Ибо, Мария, ты носишь имя матери Бога. А это кое-что значит.
Я смотрел, не мигая, на сцену. Яркий круг света посреди темного зала. И она, любовь моя, выходит в середину яркого круга, и поднимает руки над головой, и поднимает вверх чистое, румяно-смуглое, нежное лицо, и глаза ее закрыты — она слушает музыку. Она двигается в круге света нежно, еле заметно, перебирает стройными ногами под пышными оборками алой, как пион, юбки. А хриплый женский голос поет, все поет о навсегда ушедшем, о канувшем счастье.
И мой сын, тоже сцепив воздетые руки над головой, весь в черном, как коршун, не шевелясь, стоя прямо и строго, глядит, глядит на нее своим единственным глазом.
Я решил, моя Мария. Я решился. Прости меня. Это лучший выход для нас обоих.
Я слышу — ты танцем своим одобряешь меня. Ты и с закрытыми глазами видишь меня со сцены. Ты молча говоришь, шепчешь мне: «Да, Ким, родной, ты все верно придумал».
Пистолет со мной. Вот он, в кармане. Я приду к тебе за кулисы, когда ты закончишь свой танец. Я скажу Ивану: отвернись. Выйди. Тебе не надо смотреть на это. И он выйдет, оставит нас одних, он поймет. Он не будет мешать. Время ревности прошло. Время последнего танца настало.
Это будет наша последняя фолия, девочка моя.

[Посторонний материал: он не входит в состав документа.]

(* Let $R$ be a Hecke symmetry and let $\int:H_R\to\mathbb{K}$ be a left integral on $H_R$. Then $\int(x)=0$ for every element $x\in H_R$ that is homogeneous of nonzero degree with respect to the $\mathbb{Z}$-grading $\deg z^i_j=1$, $\deg t^i_j=-1$.
   Context: $\mathbb{K}$ is a field of characteristic zero, $q\in\mathbb{K}^\times$ not a root of unity ($q=1$ allowed). $R$ is a Hecke symmetry on $V$ (basis $x_1,\dots,x_d$, $(x_i\otimes x_j)R=\sum x_k\otimes x_lR^{kl}_{ij}$): invertible, satisfying Yang–Baxter, $(R+1)(R-q)=0$, and closed (a matrix $P$ with $\sum R^{il}_{jk}P^{km}_{ln}=\delta^i_n\delta^m_j$ exists). $H_R$ is the Hopf envelope of the bialgebra $E_R$; it is generated by $z^i_j$ and $t^i_j$ ($1\le i,j\le d$) subject to $\sum R^{mn}_{ij}z^k_mz^l_n=\sum z^p_iz^s_jR^{kl}_{ps}$, $\sum_jt^i_jz^j_k=\delta^i_k$, $\sum_jz^i_jt^j_k=\delta^i_k$, with $\Delta(z^j_i)=\sum_k z^j_k\otimes z^k_i$, $\Delta(t^j_i)=\sum_k t^k_i\otimes t^j_k$, antipode $S(z^i_j)=t^i_j$; these relations are homogeneous for the grading $\deg z=1$, $\deg t=-1$. A left integral is a linear functional $\int$ with $\int(x)=\sum x_{(1)}\int(x_{(2)})$ whenever $\Delta(x)=\sum x_{(1)}\otimes x_{(2)}$. *)

theory Defs
  imports Main
begin

text \<open>A matrix on V (x) V with basis x_0..x_{d-1} is a function R with
  R k l i j = R^{kl}_{ij}, i.e. (x_i (x) x_j) R = sum_{k,l} x_k (x) x_l R^{kl}_{ij}.
  Only indices below d are relevant.\<close>

definition kd :: "nat \<Rightarrow> nat \<Rightarrow> 'k::field" where
  "kd a b = (if a = b then 1 else 0)"

definition R12 :: "(nat \<Rightarrow> nat \<Rightarrow> nat \<Rightarrow> nat \<Rightarrow> 'k::field) \<Rightarrow> nat \<times> nat \<times> nat \<Rightarrow> nat \<times> nat \<times> nat \<Rightarrow> 'k" where
  "R12 R = (\<lambda>(a,b,c) (i,j,k). R a b i j * kd c k)"

definition R23 :: "(nat \<Rightarrow> nat \<Rightarrow> nat \<Rightarrow> nat \<Rightarrow> 'k::field) \<Rightarrow> nat \<times> nat \<times> nat \<Rightarrow> nat \<times> nat \<times> nat \<Rightarrow> 'k" where
  "R23 R = (\<lambda>(a,b,c) (i,j,k). kd a i * R b c j k)"
lemma bdiam_glue_ge:
  assumes "wf_graph VH EH endsH" "connected_on VH EH endsH" "wf_graph VL EL endsL" "v0 \<in> VH"
    and phi: "\<forall>e\<in>EH. (fst (endsH e) = v0 \<or> snd (endsH e) = v0) \<longrightarrow> phi e \<in> VL"
    and T: "T1 \<in> graphic_bases VL EL endsL" "T2 \<in> graphic_bases VL EL endsL" "T1 \<inter> T2 = {}"
  shows "bdiam (graphic_bases VH EH endsH) + 2 * (card VL - 1) \<le>
    bdiam (graphic_bases (glue_vertices VH v0 VL) (glue_edges EH EL) (glue_ends endsH v0 endsL phi))"
proof -
  obtain A A' where A: "A \<in> graphic_bases VH EH endsH" "A' \<in> graphic_bases VH EH endsH"
    and diam: "bdiam (graphic_bases VH EH endsH) = sym_dist A A'"
    using bdiam_attained finite_graphic_bases[OF assms(1)] graphic_bases_nonempty[OF assms(1,2)]
    by metis
  note A1 = graphic_basisD[OF assms(1) A(1)] and A2 = graphic_basisD[OF assms(1) A(2)]
  note T1 = graphic_basisD[OF assms(3) T(1)] and T2 = graphic_basisD[OF assms(3) T(2)]
  have "bdiam (graphic_bases VH EH endsH) + 2 * (card VL - 1) =
      sym_dist (Inl ` A \<union> Inr ` T1) (Inl ` A' \<union> Inr ` T2)"
    using diam T1(2,4) T2(2,4) T(3) A1(2) A2(2)
    by (simp add: sym_dist_Inl_Inr sym_dist_disjoint card_Un_disjoint)
  also have "\<dots> \<le> bdiam (graphic_bases (glue_vertices VH v0 VL) (glue_edges EH EL)
      (glue_ends endsH v0 endsL phi))"
    using finite_graphic_bases[OF wf_graph_glue[OF assms(1,3) phi]]
      graphic_basis_glueI[OF assms(1,3,4) phi A(1) T(1)] graphic_basis_glueI[OF assms(1,3,4) phi A(2) T(2)]
    by (rule sym_dist_le_bdiam)
  finally show ?thesis .
qed
(* Quotients V/U are never formed: a statement about the maps induced on W/U is phrased for
   subspaces U \<subseteq> W of V, and congruence modulo U is written as membership of differences in U. *)
locale vector_space_endo = vector_space scale
  for scale :: "'a::field \<Rightarrow> 'b::ab_group_add \<Rightarrow> 'b" (infixr "*s" 75)
begin

sublocale endo: vector_space_pair scale scale ..

abbreviation lin :: "('b \<Rightarrow> 'b) \<Rightarrow> bool" where
  "lin T \<equiv> Vector_Spaces.linear scale scale T"

lemma lin_minus_scale: "lin T \<Longrightarrow> lin (\<lambda>v. T v - c *s v)"
  by (intro endo.linear_compose_sub endo.linear_compose_scale_right linear_ident)

lemma lin_mem_subspace_of_span:
  assumes "lin T" "subspace A" "T ` G \<subseteq> A" "v \<in> span G"
  shows "T v \<in> A"
proof -
  have "T v \<in> span (T ` G)"
    using endo.linear_span_image[OF assms(1)] assms(4) by blast
  also have "span (T ` G) \<subseteq> A"
    using assms(3,2) by (rule span_minimal)
  finally show ?thesis .
qed

lemma scale_mem_subspace_iff:
  assumes "subspace U" "c \<noteq> 0"
  shows "c *s y \<in> U \<longleftrightarrow> y \<in> U"
proof
  assume "c *s y \<in> U"
  then have "inverse c *s (c *s y) \<in> U" by (rule subspace_scale[OF assms(1)])
  then show "y \<in> U" using assms(2) by simp
qed (rule subspace_scale[OF assms(1)])

lemma minus_scale_image_subset:
  assumes "subspace U" "S ` U \<subseteq> U"
  shows "(\<lambda>v. S v - c *s v) ` U \<subseteq> U"
  using assms subspace_diff subspace_scale by blast
(* Let $\widehat{\mathbf M}\otimes\mathcal A_\psi$ be the product of a gMDP $\widehat{\mathbf M}$ (state space $\hat{\mathbb X}$, input space $\hat{\mathbb U}$) with the DFA $\mathcal A_\psi=(Q,q_0,\Sigma,F,\tau)$, and let $\delta>0$. Let $V^*_\infty:=\lim_{l\to\infty}(\mathbf T^*_\delta)^l(V_0)$ with $V_0=0$. Let $\mu^*:\hat{\mathbb X}\times Q\to\mathcal P(\hat{\mathbb U})$ be a universally measurable map with $\mu^*\in\arg\sup_\mu\mathbf T^\mu_\delta(V^*_\infty)$, i.e. $\mathbf T^{\mu^*}_\delta(V^*_\infty)=\mathbf T^*_\delta(V^*_\infty)$. Then the stationary Markov policy $(\mu^*,\mu^*,\dots)$ is an optimal $(0,\delta)$-robust policy in the sense that $$V^*_\infty=\lim_{l\to\infty}(\mathbf T^{\mu^*}_\delta)^l(V_0),\qquad V_0=0.$$
   Context: A gMDP is a tuple $\widehat{\mathbf M}=(\hat{\mathbb X},\hat{\mathbb U},\mathbb Y,\hat x_0,\hat{\mathbf t},\hat h)$ with Polish state space $\hat{\mathbb X}$, Polish input space $\hat{\mathbb U}$, metric output space $(\mathbb Y,\mathbf d_{\mathbb Y})$, initial state $\hat x_0$, stochastic kernel $\hat{\mathbf t}(\cdot\mid\hat x,\hat u)$ on $\hat{\mathbb X}$, and measurable output map $\hat h$. $\mathsf{AP}$ is a finite set of atomic propositions, $\Sigma=2^{\mathsf{AP}}$, $\mathsf L:\mathbb Y\to\Sigma$ a measurable labelling function; $\psi$ is an scLTL formula and $\mathcal A_\psi=(Q,q_0,\Sigma,F,\tau)$ a deterministic finite automaton (finite $Q$, accepting set $F$, transition $\tau:Q\times\Sigma\to Q$) accepting exactly the words satisfying $\psi$. The product $\widehat{\mathbf M}\otimes\mathcal A_\psi$ has states $\hat{\mathbb X}\times Q$, inputs $\hat{\mathbb U}$, and kernel $\bar{\mathbf t}(d\hat x'\times\{q'\}\mid\hat x,q,u)=\mathbf 1_{\{q'\}}(\tau(q,\mathsf L(\hat h(\hat x'))))\,\hat{\mathbf t}(d\hat x'\mid\hat x,u)$. For a universally measurable $\mu:\hat{\mathbb X}\times Q\to\mathcal P(\hat{\mathbb U})$ and $V:\hat{\mathbb X}\times Q\to[0,1]$: $\mathbf T^\mu(V)(\hat x,q)=\int\max\{\mathbf 1_F(q'),V(\hat x',q')\}\,\bar{\mathbf t}(d\hat x'\times\{q'\}\mid\hat x,q,\mu(\hat x,q))$; $\mathbf T^\mu_\delta(V)=\mathbf L(\mathbf T^\mu(V)-\delta)$ with $\mathbf L(r)=\min(1,\max(0,r))$; and $\mathbf T^*_\delta(V)=\sup_\mu\mathbf T^\mu_\delta(V)$ (pointwise). *)

theory Defs
  imports "HOL-Probability.Probability"
begin

definition univ_meas :: "'a measure \<Rightarrow> 'b measure \<Rightarrow> ('a \<Rightarrow> 'b) \<Rightarrow> bool" where
  "univ_meas M N f \<longleftrightarrow>
     (\<forall>P. sets P = sets M \<longrightarrow> prob_space P \<longrightarrow> f \<in> completion P \<rightarrow>\<^sub>M N)"

definition XQ :: "('x::topological_space \<times> 'q) measure" where
  "XQ = (borel :: 'x measure) \<Otimes>\<^sub>M count_space UNIV"

definition policy :: "('x::topological_space \<times> 'q \<Rightarrow> 'u::topological_space measure) \<Rightarrow> bool" where
  "policy \<mu> \<longleftrightarrow> univ_meas XQ (prob_algebra borel) \<mu>"

definition clip :: "real \<Rightarrow> real" where
  "clip r = min 1 (max 0 r)"
(* Let $\pi:G\times X\to X$ be a continuous $\pi$-uniform action of a topological group $G$ on a Hausdorff non-archimedean uniform space $(X,\mu)$. Then there exist a Hausdorff non-archimedean Boolean topological group $E$, on which $G$ acts continuously by group automorphisms, and a $G$-equivariant map $\alpha:X\to E$ which is a uniform embedding of $(X,\mu)$ into $E$ equipped with its (right $=$ left) group uniformity, such that $\alpha(X)$ is closed in $E$.
   Context: A uniform space $(X,\mu)$ is non-archimedean if $\mu$ has a base consisting of entourages which are equivalence relations. An action $\pi:G\times X\to X$ on a uniform space is $\pi$-uniform if for every entourage $\varepsilon\in\mu$ and $g_0\in G$ there exist $\delta\in\mu$ and a neighborhood $O$ of $g_0$ such that $(gx,gy)\in\varepsilon$ for all $(x,y)\in\delta$ and $g\in O$. A Boolean group is an abelian group with $x+x=0$ for all $x$; a topological group is non-archimedean if it has a local base at the identity consisting of open subgroups. A uniform embedding is an injective map which is a uniform isomorphism onto its image. *)

theory Defs
  imports "HOL-Analysis.Analysis" "HOL-Algebra.Group"
begin

definition uniformity_on :: "'a set \<Rightarrow> ('a \<times> 'a) set set \<Rightarrow> bool" where
  "uniformity_on X \<mu> \<longleftrightarrow>
     \<mu> \<noteq> {} \<and>
     (\<forall>\<epsilon>\<in>\<mu>. Id_on X \<subseteq> \<epsilon> \<and> \<epsilon> \<subseteq> X \<times> X) \<and>
     (\<forall>\<epsilon>\<in>\<mu>. \<forall>\<delta>. \<epsilon> \<subseteq> \<delta> \<and> \<delta> \<subseteq> X \<times> X \<longrightarrow> \<delta> \<in> \<mu>) \<and>
     (\<forall>\<epsilon>\<in>\<mu>. \<forall>\<delta>\<in>\<mu>. \<epsilon> \<inter> \<delta> \<in> \<mu>) \<and>
     (\<forall>\<epsilon>\<in>\<mu>. \<epsilon>\<inverse> \<in> \<mu>) \<and>
     (\<forall>\<epsilon>\<in>\<mu>. \<exists>\<delta>\<in>\<mu>. \<delta> O \<delta> \<subseteq> \<epsilon>)"

definition hausdorff_uniformity :: "'a set \<Rightarrow> ('a \<times> 'a) set set \<Rightarrow> bool" where
  "hausdorff_uniformity X \<mu> \<longleftrightarrow> (\<forall>x\<in>X. \<forall>y\<in>X. x \<noteq> y \<longrightarrow> (\<exists>\<epsilon>\<in>\<mu>. (x, y) \<notin> \<epsilon>))"

definition non_archimedean_uniformity :: "'a set \<Rightarrow> ('a \<times> 'a) set set \<Rightarrow> bool" where
  "non_archimedean_uniformity X \<mu> \<longleftrightarrow> (\<forall>\<epsilon>\<in>\<mu>. \<exists>\<delta>\<in>\<mu>. \<delta> \<subseteq> \<epsilon> \<and> equiv X \<delta>)"

definition uniform_topology :: "'a set \<Rightarrow> ('a \<times> 'a) set set \<Rightarrow> 'a topology" where
  "uniform_topology X \<mu> =
     topology (\<lambda>U. U \<subseteq> X \<and> (\<forall>x\<in>U. \<exists>\<epsilon>\<in>\<mu>. \<epsilon> `` {x} \<subseteq> U))"

definition uniformly_continuous_map ::
  "'a set \<Rightarrow> ('a \<times> 'a) set set \<Rightarrow> ('b \<times> 'b) set set \<Rightarrow> ('a \<Rightarrow> 'b) \<Rightarrow> bool" where
  "uniformly_continuous_map X \<mu> \<nu> f \<longleftrightarrow>
     (\<forall>\<epsilon>\<in>\<nu>. \<exists>\<delta>\<in>\<mu>. \<forall>x\<in>X. \<forall>y\<in>X. (x, y) \<in> \<delta> \<longrightarrow> (f x, f y) \<in> \<epsilon>)"

definition uniform_embedding ::
  "'a set \<Rightarrow> ('a \<times> 'a) set set \<Rightarrow> 'b set \<Rightarrow> ('b \<times> 'b) set set \<Rightarrow> ('a \<Rightarrow> 'b) \<Rightarrow> bool" where
  "uniform_embedding X \<mu> Y \<nu> f \<longleftrightarrow>
     inj_on f X \<and> f ` X \<subseteq> Y \<and>
     uniformly_continuous_map X \<mu> \<nu> f \<and>
     (\<forall>\<epsilon>\<in>\<mu>. \<exists>\<delta>\<in>\<nu>. \<forall>x\<in>X. \<forall>y\<in>X. (f x, f y) \<in> \<delta> \<longrightarrow> (x, y) \<in> \<epsilon>)"

definition topological_group :: "('g, 'm) monoid_scheme \<Rightarrow> 'g topology \<Rightarrow> bool" where
  "topological_group G T \<longleftrightarrow>
     group G \<and> topspace T = carrier G \<and>
     continuous_map (prod_topology T T) T (\<lambda>(g, h). g \<otimes>\<^bsub>G\<^esub> h) \<and>
     continuous_map T T (\<lambda>g. inv\<^bsub>G\<^esub> g)"

definition non_archimedean_group :: "('g, 'm) monoid_scheme \<Rightarrow> 'g topology \<Rightarrow> bool" where
  "non_archimedean_group G T \<longleftrightarrow>
     (\<forall>U. openin T U \<and> \<one>\<^bsub>G\<^esub> \<in> U \<longrightarrow> (\<exists>H. subgroup H G \<and> openin T H \<and> H \<subseteq> U))"

definition boolean_group :: "('g, 'm) monoid_scheme \<Rightarrow> bool" where
  "boolean_group G \<longleftrightarrow> comm_group G \<and> (\<forall>x\<in>carrier G. x \<otimes>\<^bsub>G\<^esub> x = \<one>\<^bsub>G\<^esub>)"

text \<open>Right group uniformity: entourages contain some \<open>{(x,y). y x\<^sup>-\<^sup>1 \<in> U}\<close>, \<open>U\<close> an open
  neighbourhood of the identity (for abelian groups it coincides with the left one).\<close>
definition right_group_uniformity :: "('g, 'm) monoid_scheme \<Rightarrow> 'g topology \<Rightarrow> ('g \<times> 'g) set set" where
  "right_group_uniformity G T =
     {\<epsilon>. \<epsilon> \<subseteq> carrier G \<times> carrier G \<and>
          (\<exists>U. openin T U \<and> \<one>\<^bsub>G\<^esub> \<in> U \<and>
               {(x, y). x \<in> carrier G \<and> y \<in> carrier G \<and> y \<otimes>\<^bsub>G\<^esub> inv\<^bsub>G\<^esub> x \<in> U} \<subseteq> \<epsilon>)}"

definition group_action_on :: "('g, 'm) monoid_scheme \<Rightarrow> 'x set \<Rightarrow> ('g \<Rightarrow> 'x \<Rightarrow> 'x) \<Rightarrow> bool" where
  "group_action_on G X \<pi> \<longleftrightarrow>
     (\<forall>g\<in>carrier G. \<forall>x\<in>X. \<pi> g x \<in> X) \<and>
     (\<forall>x\<in>X. \<pi> \<one>\<^bsub>G\<^esub> x = x) \<and>
     (\<forall>g\<in>carrier G. \<forall>h\<in>carrier G. \<forall>x\<in>X. \<pi> (g \<otimes>\<^bsub>G\<^esub> h) x = \<pi> g (\<pi> h x))"

definition continuous_action ::
  "('g, 'm) monoid_scheme \<Rightarrow> 'g topology \<Rightarrow> 'x topology \<Rightarrow> ('g \<Rightarrow> 'x \<Rightarrow> 'x) \<Rightarrow> bool" where
  "continuous_action G T S \<pi> \<longleftrightarrow>
     group_action_on G (topspace S) \<pi> \<and>
     continuous_map (prod_topology T S) S (\<lambda>(g, x). \<pi> g x)"

definition pi_uniform ::
  "('g, 'm) monoid_scheme \<Rightarrow> 'g topology \<Rightarrow> 'x set \<Rightarrow> ('x \<times> 'x) set set \<Rightarrow> ('g \<Rightarrow> 'x \<Rightarrow> 'x) \<Rightarrow> bool" where
  "pi_uniform G T X \<mu> \<pi> \<longleftrightarrow>
     (\<forall>\<epsilon>\<in>\<mu>. \<forall>g0\<in>carrier G. \<exists>\<delta>\<in>\<mu>. \<exists>V. openin T V \<and> g0 \<in> V \<and>
        (\<forall>(x, y)\<in>\<delta>. \<forall>g\<in>V. (\<pi> g x, \<pi> g y) \<in> \<epsilon>))"

end

theory Submission
  imports Defs
begin

text \<open>
  Let \<open>Y\<close> be a set carrying a directed,
  separating family \<open>B\<close> of equivalence relations.  The finite subsets of \<open>Y\<close> form a Boolean
  group under symmetric difference, the free Boolean group over \<open>Y\<close>.  For \<open>e \<in> B\<close> the finite
  sets meeting every \<open>e\<close>-saturated set in an even number of points form a subgroup; declaring
  these subgroups a neighbourhood base of \<open>{}\<close> yields a Hausdorff non-archimedean Boolean
  topological group \<open>E\<close>.  In \<open>E\<close> the generators \<open>{x}, {y}\<close> differ by an element of the
  \<open>e\<close>-subgroup iff \<open>(x, y) \<in> e\<close>, so \<open>y \<mapsto> {y}\<close> is a uniform embedding; a finite set
  separated by some \<open>e\<close> has a neighbourhood without generators, so the generators form a
  closed set.  A group action on \<open>Y\<close> whose orbit maps are continuous and which is
  equicontinuous locally in \<open>G\<close> extends to a continuous action on \<open>E\<close> by automorphisms.
\<close>

definition sd :: "'a set \<Rightarrow> 'a set \<Rightarrow> 'a set" where
  "sd A B = (A - B) \<union> (B - A)"

lemma sd_assoc: "sd (sd A B) C = sd A (sd B C)"
  unfolding sd_def by auto

lemma sd_comm: "sd A B = sd B A"
  unfolding sd_def by auto

lemma sd_empty [simp]: "sd {} A = A" "sd A {} = A" "sd A A = {}"
  unfolding sd_def by auto

lemma sd_cancel [simp]: "sd A (sd A B) = B"
  unfolding sd_def by auto

lemma sd_Int: "sd A B \<inter> C = sd (A \<inter> C) (B \<inter> C)"
  unfolding sd_def by auto

lemma finite_sd [simp]: "finite A \<Longrightarrow> finite B \<Longrightarrow> finite (sd A B)"
  unfolding sd_def by auto

lemma sd_subset: "A \<subseteq> Y \<Longrightarrow> B \<subseteq> Y \<Longrightarrow> sd A B \<subseteq> Y"
  unfolding sd_def by auto

lemma image_sd:
  assumes "inj_on f Y" "A \<subseteq> Y" "B \<subseteq> Y"
  shows "f ` sd A B = sd (f ` A) (f ` B)"
  unfolding sd_def image_Un
  using inj_on_image_set_diff[OF assms(1)] assms(2,3) by auto

lemma even_card_sd:
  assumes "finite A" "finite B"
  shows "even (card (sd A B)) \<longleftrightarrow> (even (card A) \<longleftrightarrow> even (card B))"
proof -
  have "card A = card (A - B) + card (A \<inter> B)"
    using card_Int_Diff[OF assms(1), of B] by simp
  moreover have "card B = card (B - A) + card (A \<inter> B)"
    using card_Int_Diff[OF assms(2), of A] by (simp add: Int_commute)
  moreover have "card (sd A B) = card (A - B) + card (B - A)"
    unfolding sd_def using assms by (subst card_Un_disjoint) auto
  ultimately show ?thesis by presburger
qed

lemma card_image_Int:
  assumes "inj_on f S"
  shows "card (f ` S \<inter> C) = card {x \<in> S. f x \<in> C}"
proof -
  have "f ` S \<inter> C = f ` {x \<in> S. f x \<in> C}" by auto
  thus ?thesis using card_image[OF inj_on_subset[OF assms]] by auto
qed

section \<open>Even subgroups of the free Boolean group\<close>

definition saturated :: "'p set \<Rightarrow> ('p \<times> 'p) set \<Rightarrow> 'p set \<Rightarrow> bool" where
  "saturated Y e C \<longleftrightarrow> C \<subseteq> Y \<and> (\<forall>x y. (x, y) \<in> e \<longrightarrow> x \<in> C \<longrightarrow> y \<in> C)"
(* Let $k\ge 2$ and let $K_{n_1,\ldots,n_k}$ be the complete $k$-partite graph with parts $V_1,\ldots,V_k$, where $n_1=|V_1|\ge n_2=|V_2|\ge\cdots\ge n_k=|V_k|\ge 1$. Then $$\omega(\mathrm{CUT}(K_{n_1,n_2,\ldots,n_k}))\ge 2^{n_2-1}.$$
   Context: For an undirected graph $G=(V,E)$ and $S\subseteq V$, $\delta(S)\subseteq E$ denotes the set of edges with exactly one endpoint in $S$, and $\mathbf v(S)\in\{0,1\}^{E}$ is its incidence vector ($v(S)_e=1$ iff $e\in\delta(S)$). The cut polytope is $\mathrm{CUT}(G)=\operatorname{conv}\{\mathbf v(S):S\subseteq V\}\subset\mathbb R^{E}$. The 1-skeleton of a polytope is the graph whose vertices are the polytope's vertices and whose edges are its one-dimensional faces; $\omega$ denotes its clique number. *)

theory Defs
  imports "HOL-Analysis.Analysis"
begin

definition kpartite_edge :: "nat \<Rightarrow> (nat \<Rightarrow> 'v set) \<Rightarrow> 'v \<Rightarrow> 'v \<Rightarrow> bool" where
  "kpartite_edge k V u w \<longleftrightarrow>
     (\<exists>i\<in>{1..k}. \<exists>j\<in>{1..k}. i \<noteq> j \<and> u \<in> V i \<and> w \<in> V j)"

text \<open>The space R^E is realised inside
  R^('v x 'v): the coordinate (u,w) is used iff uw is an edge (both orientations carry
  the same value), all other coordinates are 0. This is an injective linear image of R^E,
  so the face structure of the polytope is unchanged.\<close>
definition cut_vec :: "('v \<Rightarrow> 'v \<Rightarrow> bool) \<Rightarrow> 'v set \<Rightarrow> real ^ ('v::finite \<times> 'v)" where
  "cut_vec E S = (\<chi> p. if E (fst p) (snd p) \<and> (fst p \<in> S \<longleftrightarrow> snd p \<notin> S) then 1 else 0)"

definition cut_polytope :: "'v set \<Rightarrow> ('v \<Rightarrow> 'v \<Rightarrow> bool) \<Rightarrow> (real ^ ('v::finite \<times> 'v)) set" where
  "cut_polytope Vs E = convex hull {cut_vec E S | S. S \<subseteq> Vs}"

definition skeleton_adjacent :: "'a::euclidean_space set \<Rightarrow> 'a \<Rightarrow> 'a \<Rightarrow> bool" where
  "skeleton_adjacent P x y \<longleftrightarrow>
     x extreme_point_of P \<and> y extreme_point_of P \<and> x \<noteq> y \<and>
     (\<exists>F. F face_of P \<and> aff_dim F = 1 \<and> x \<in> F \<and> y \<in> F)"

definition skeleton_clique :: "'a::euclidean_space set \<Rightarrow> 'a set \<Rightarrow> bool" where
  "skeleton_clique P C \<longleftrightarrow>
     (\<forall>x\<in>C. x extreme_point_of P) \<and>
     (\<forall>x\<in>C. \<forall>y\<in>C. x \<noteq> y \<longrightarrow> skeleton_adjacent P x y)"
(* Let $K$ be a square with edges parallel to the coordinate axes and $k\ge1$ an integer. Let $V(K)=\mathcal Q_k(K)$, $\bm W(K)=[\mathcal Q_k(K)]^2$, and $\bm M(\partial K)=\{\bm\mu:\bm\mu|_F=\bm n\times p_k\text{ for some }p_k\in\mathcal P_k(F),\text{ for each edge }F\subset\partial K\}$. Then $I_M(V(K)\times\bm W(K))=2$.
   Context: $\mathcal Q_k$ denotes polynomials in two variables of degree at most $k$ in each variable; $\mathcal P_k(F)$ polynomials of degree at most $k$ on the edge $F$. Conventions in 2D: $\nabla\times\bm v=-\partial_yv_1+\partial_xv_2$, $\nabla\times p=(\partial_yp,-\partial_xp)^T$, $\bm n\times\bm v=-n_2v_1+n_1v_2$, $\bm n\times p=(n_2p,-n_1p)^T$, $\bm n\times\bm w\times\bm n:=\bm w-(\bm w\cdot\bm n)\bm n$, $\bm n$ the unit outward normal. $I_M(V(K)\times\bm W(K)):=\dim\bm M(\partial K)-\dim\{\bm n\times v|_{\partial K}:v\in V(K),\nabla\times v=\bm0\}-\dim\{\bm n\times\bm w\times\bm n|_{\partial K}:\bm w\in\bm W(K),\nabla\times\bm w=0\}$. *)

theory Defs
  imports "HOL-Analysis.Analysis" "HOL-Library.Function_Algebras"
begin

definition fscale :: "real \<Rightarrow> ('a \<Rightarrow> 'b::real_vector) \<Rightarrow> ('a \<Rightarrow> 'b)" where
  "fscale c f = (\<lambda>x. c *\<^sub>R f x)"

lemma vector_space_fscale: "vector_space (fscale :: real \<Rightarrow> ('a \<Rightarrow> 'b::real_vector) \<Rightarrow> _)"
  by unfold_locales (auto simp: fscale_def fun_eq_iff scaleR_add_right scaleR_add_left)

abbreviation fdim :: "('a \<Rightarrow> 'b::real_vector) set \<Rightarrow> nat" where
  "fdim S \<equiv> vector_space.dim fscale S"

definition Qk :: "nat \<Rightarrow> (real \<times> real \<Rightarrow> real) set" where
  "Qk k = {f. \<exists>c :: nat \<Rightarrow> nat \<Rightarrow> real. \<forall>x y.
              f (x, y) = (\<Sum>i\<le>k. \<Sum>j\<le>k. c i j * x ^ i * y ^ j)}"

И я близко подойду к тебе, родная моя. И я обниму тебя так,
А если ты не захочешь, чтобы я выстрелил, если ты вдруг испугаешься пули, я дам тебе яду. И сам яд выпью. Я же профи-убийца. Беер и ядами снабжал меня тоже. У меня от прежних заказов яды остались. Те, что действуют мгновенно. Ты ничего не почувствуешь. Просто задохнешься, как от моего поцелуя.
А для себя, так и быть, я все же припасу пулю. Я же привык стрелять. Я стрелок. Я должен умереть от своей руки и от пули своей — так же, как от нее погибали другие.
Голос, низкий и хриплый голос, канте хондо, зачем ты поешь фолию, зачем сжимаешь хватку на глотке? Я дышать не могу. Горячая влага течет у меня, убийцы и мужика, по щекам. Я задыхаюсь от любви, слышишь, ты, сумасшедший голос, от близкой пасти небытия, от радости и счастья, что такую любовь довелось испытать мне на выжженной, зимней земле.
Мой единственный глаз застилало яростью, гневом, слезами.
Я танцевал с ней малагенью. Порывистую, как ветер, хоту. Я склонялся и замирал над нею, когда она, оттанцевав лукавую, кокетливую сегидилью, оборачивалась ко мне через плечо и обжигала меня черным огнем широко расставленных глаз, подавая мне руку в начинавшейся без перерыва фолии. И я потерял танцам счет. Я жил внутри фламенко. Я крепко сжимал яростные губы. Я был мачо, а она была моя маха, ненавистная, любимая, изменившая мне.
И я впервые, страшно, подумал: а что, если сегодня, сейчас, я убью ее?
Нож? Нет. Платок? Нет. Отрава?!
О чем ты думаешь, одноглазый Иван! Тебе в лечебницу пора, в Кащенко, на Канатчикову дачу!
Отрава. Таблетки. Те таблетки, что принесла мне там, в самолете, в котором мы летели из Аргентины в Москву, любезная хорошенькая стюардесса.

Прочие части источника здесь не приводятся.